Does anyone know who has a better prgram?... Read More

  1. by   RNSuzq1
    Paul,

    If your brother is serious about this, definitely try to find a military site on the net where you might talk to Navy Doc's. Better yet, call your nearest Naval Hospital, see if he can set up an appt. with one of their younger Doc's - just tell them you'd like to discuss the Navy Med. Corps with them, I'm sure they'll gladly talk to you.

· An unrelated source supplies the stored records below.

definition bloch_state :: "real^3 \<Rightarrow> real^3 \<Rightarrow> real^3^3 \<Rightarrow> qqop" where
  "bloch_state x y T = (1/4) *\<^sub>R (kron (mat 1) (mat 1)
      + (\<Sum>i\<in>UNIV. (x $ i) *\<^sub>R kron (pauli i) (mat 1))
      + (\<Sum>j\<in>UNIV. (y $ j) *\<^sub>R kron (mat 1) (pauli j))
      + (\<Sum>i\<in>UNIV. \<Sum>j\<in>UNIV. (T $ i $ j) *\<^sub>R kron (pauli i) (pauli j)))"

end

theory Submission
  imports Defs
begin

text \<open>
  In Bloch coordinates (x, y, T) the Hilbert-Schmidt distance is a quarter of the Euclidean
  distance of the parameters, and a classical-quantum state has x = q n and T = n w^t for a unit
  vector n; minimising over q and w gives D(rho) >= min_n (|x|^2 - (x.n)^2 + |T|^2 - |n T|^2) / 2.
  For a separable state sum_k p_k a_k (x) b_k, measuring the first qubit along any unit vector e
  yields a classical-quantum state attaining this value at n = e.
  Moreover |T|^2 = sum_k p_k (a_k T).b_k <= max_k |a_k T|. If x = 0, choosing e along the best a_k
  gives D <= (|T|^2 - |T|^4) / 2 <= 1/8; if T T^t = l^2 I, then 3 l^2 = |T|^2 <= |l|, and choosing
  e along x gives D <= l^2 <= 1/9. The equal mixture of (3/5, 4/5, 0) (x) e_1 and
  (3/5, -4/5, 0) (x) e_2 is separable with discord at least 4/25 > 1/8.
\<close>

section \<open>Real vectors and matrices\<close>

definition outer_prod :: "real^'m \<Rightarrow> real^'n \<Rightarrow> real^'n^'m" where
  "outer_prod a b = (\<chi> i j. a $ i * b $ j)"

lemma power2_norm_vec_components: "(norm (v::'a::real_inner^'n))\<^sup>2 = (\<Sum>i\<in>UNIV. (norm (v $ i))\<^sup>2)"
  unfolding power2_norm_eq_inner inner_vec_def ..

lemma power2_norm_vec: "(norm (v::real^'n))\<^sup>2 = (\<Sum>i\<in>UNIV. (v $ i)\<^sup>2)"
  by (simp add: power2_norm_vec_components)

lemma power2_norm_mat: "(norm (M::real^'n^'m))\<^sup>2 = (\<Sum>i\<in>UNIV. \<Sum>j\<in>UNIV. (M $ i $ j)\<^sup>2)"
  by (simp add: power2_norm_vec_components power2_norm_vec)

lemma power2_norm_vec3: "(norm (v::real^3))\<^sup>2 = (v $ 1)\<^sup>2 + (v $ 2)\<^sup>2 + (v $ 3)\<^sup>2"
  unfolding power2_norm_vec sum_3 ..

lemma norm_outer_prod: "norm (outer_prod a b) = norm a * norm b"
proof -
  have "(norm (outer_prod a b))\<^sup>2 = (norm a * norm b)\<^sup>2"
    unfolding power_mult_distrib power2_norm_mat power2_norm_vec outer_prod_def
    by (simp add: power_mult_distrib sum_product)
  thus ?thesis by (simp add: power2_eq_iff_nonneg)
qed

lemma inner_outer_prod: "T \<bullet> outer_prod a b = (a v* T) \<bullet> b"
  unfolding inner_vec_def outer_prod_def vector_matrix_mult_def
  by (simp add: sum_distrib_right sum_distrib_left algebra_simps) (rule sum.swap)

lemma vector_matrix_mult_outer_prod: "e v* outer_prod a b = (e \<bullet> a) *\<^sub>R b"
  unfolding vec_eq_iff vector_matrix_mult_def outer_prod_def inner_vec_def
  by (simp add: sum_distrib_left mult_ac)

lemma vector_matrix_mult_sum: "x v* sum f K = (\<Sum>k\<in>K. x v* f k)"
  by (induction K rule: infinite_finite_induct) (simp_all add: vector_matrix_mult_add_rdistrib)

lemma power2_norm_diff_scaleR_unit:
  fixes x n :: "'a::real_inner"
  assumes "norm n = 1"
  shows "(norm (x - q *\<^sub>R n))\<^sup>2 = (norm x)\<^sup>2 - (x \<bullet> n)\<^sup>2 + (q - x \<bullet> n)\<^sup>2"
proof -
  have "n \<bullet> n = 1" using assms by (simp add: power2_norm_eq_inner[symmetric])
  thus ?thesis unfolding power2_norm_eq_inner
    by (simp add: inner_diff_left inner_diff_right inner_commute power2_eq_square algebra_simps)
qed

lemma power2_norm_diff_outer_prod_unit:
  assumes "norm n = 1"
  shows "(norm (T - outer_prod n w))\<^sup>2 = (norm T)\<^sup>2 - (norm (n v* T))\<^sup>2 + (norm (w - n v* T))\<^sup>2"
proof -
  have "(norm (outer_prod n w))\<^sup>2 = w \<bullet> w" using assms by (simp add: norm_outer_prod power2_norm_eq_inner)
  thus ?thesis unfolding power2_norm_eq_inner
    by (simp add: inner_diff_left inner_diff_right inner_commute inner_outer_prod algebra_simps)
qed

lemma
  fixes T :: "real^'n^'m" and c :: real
  assumes "T ** transpose T = c *\<^sub>R mat 1"
  shows power2_norm_vector_matrix_mult_conformal: "(norm (v v* T))\<^sup>2 = c * (norm v)\<^sup>2"
    and power2_norm_conformal: "(norm T)\<^sup>2 = of_nat CARD('m) * c"
proof -
  have "(norm (v v* T))\<^sup>2 = v \<bullet> ((T ** transpose T) *v v)"
    by (simp add: power2_norm_eq_inner dot_lmul_matrix matrix_vector_mul_assoc[symmetric])
  thus "(norm (v v* T))\<^sup>2 = c * (norm v)\<^sup>2"
    using assms by (simp add: power2_norm_eq_inner scaleR_matrix_vector_assoc[symmetric])
  have "(T ** transpose T) $ i $ i = (\<Sum>j\<in>UNIV. (T $ i $ j)\<^sup>2)" for i
    by (simp add: matrix_matrix_mult_def transpose_def power2_eq_square)
  hence "(norm T)\<^sup>2 = (\<Sum>i\<in>UNIV. (T ** transpose T) $ i $ i)" by (simp add: power2_norm_mat)
  thus "(norm T)\<^sup>2 = of_nat CARD('m) * c" using assms by (simp add: mat_def)
qed

lemma exists_unit_vector_matrix_mult_ge:
  fixes T :: "real^'n^'m"
  assumes "norm a \<le> 1"
  obtains e where "norm e = 1" and "norm (a v* T) \<le> norm (e v* T)"
proof (cases "a = 0")
  case True
  with that[of "axis undefined 1"] show ?thesis by simp
next
  case False
  have "norm (a v* T) \<le> norm (a v* T) / norm a"
    using assms False by (simp add: le_divide_eq mult_left_le)
  also have "\<dots> = norm (((1 / norm a) *\<^sub>R a) v* T)" by (simp add: scaleR_vector_matrix_assoc)
  finally show ?thesis using that[of "(1 / norm a) *\<^sub>R a"] False by simp
qed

    As a Corpsman, I worked with tons of MD's. Some loved the Navy, made it their career, worked their way through the ranks, ended as Command Captains, etc. Most, just stayed in long enough to pay the Navy back for Medical School, then went into private practice. You don't pay it in money, it's paid with time served. Not sure what it is now, but I think they used to make them stay in about 6 years. Your Brother will get a fantastic Medical Education in the Navy, but since they spend a fortune to educate/train people, just trust me, they get out of you what they put in.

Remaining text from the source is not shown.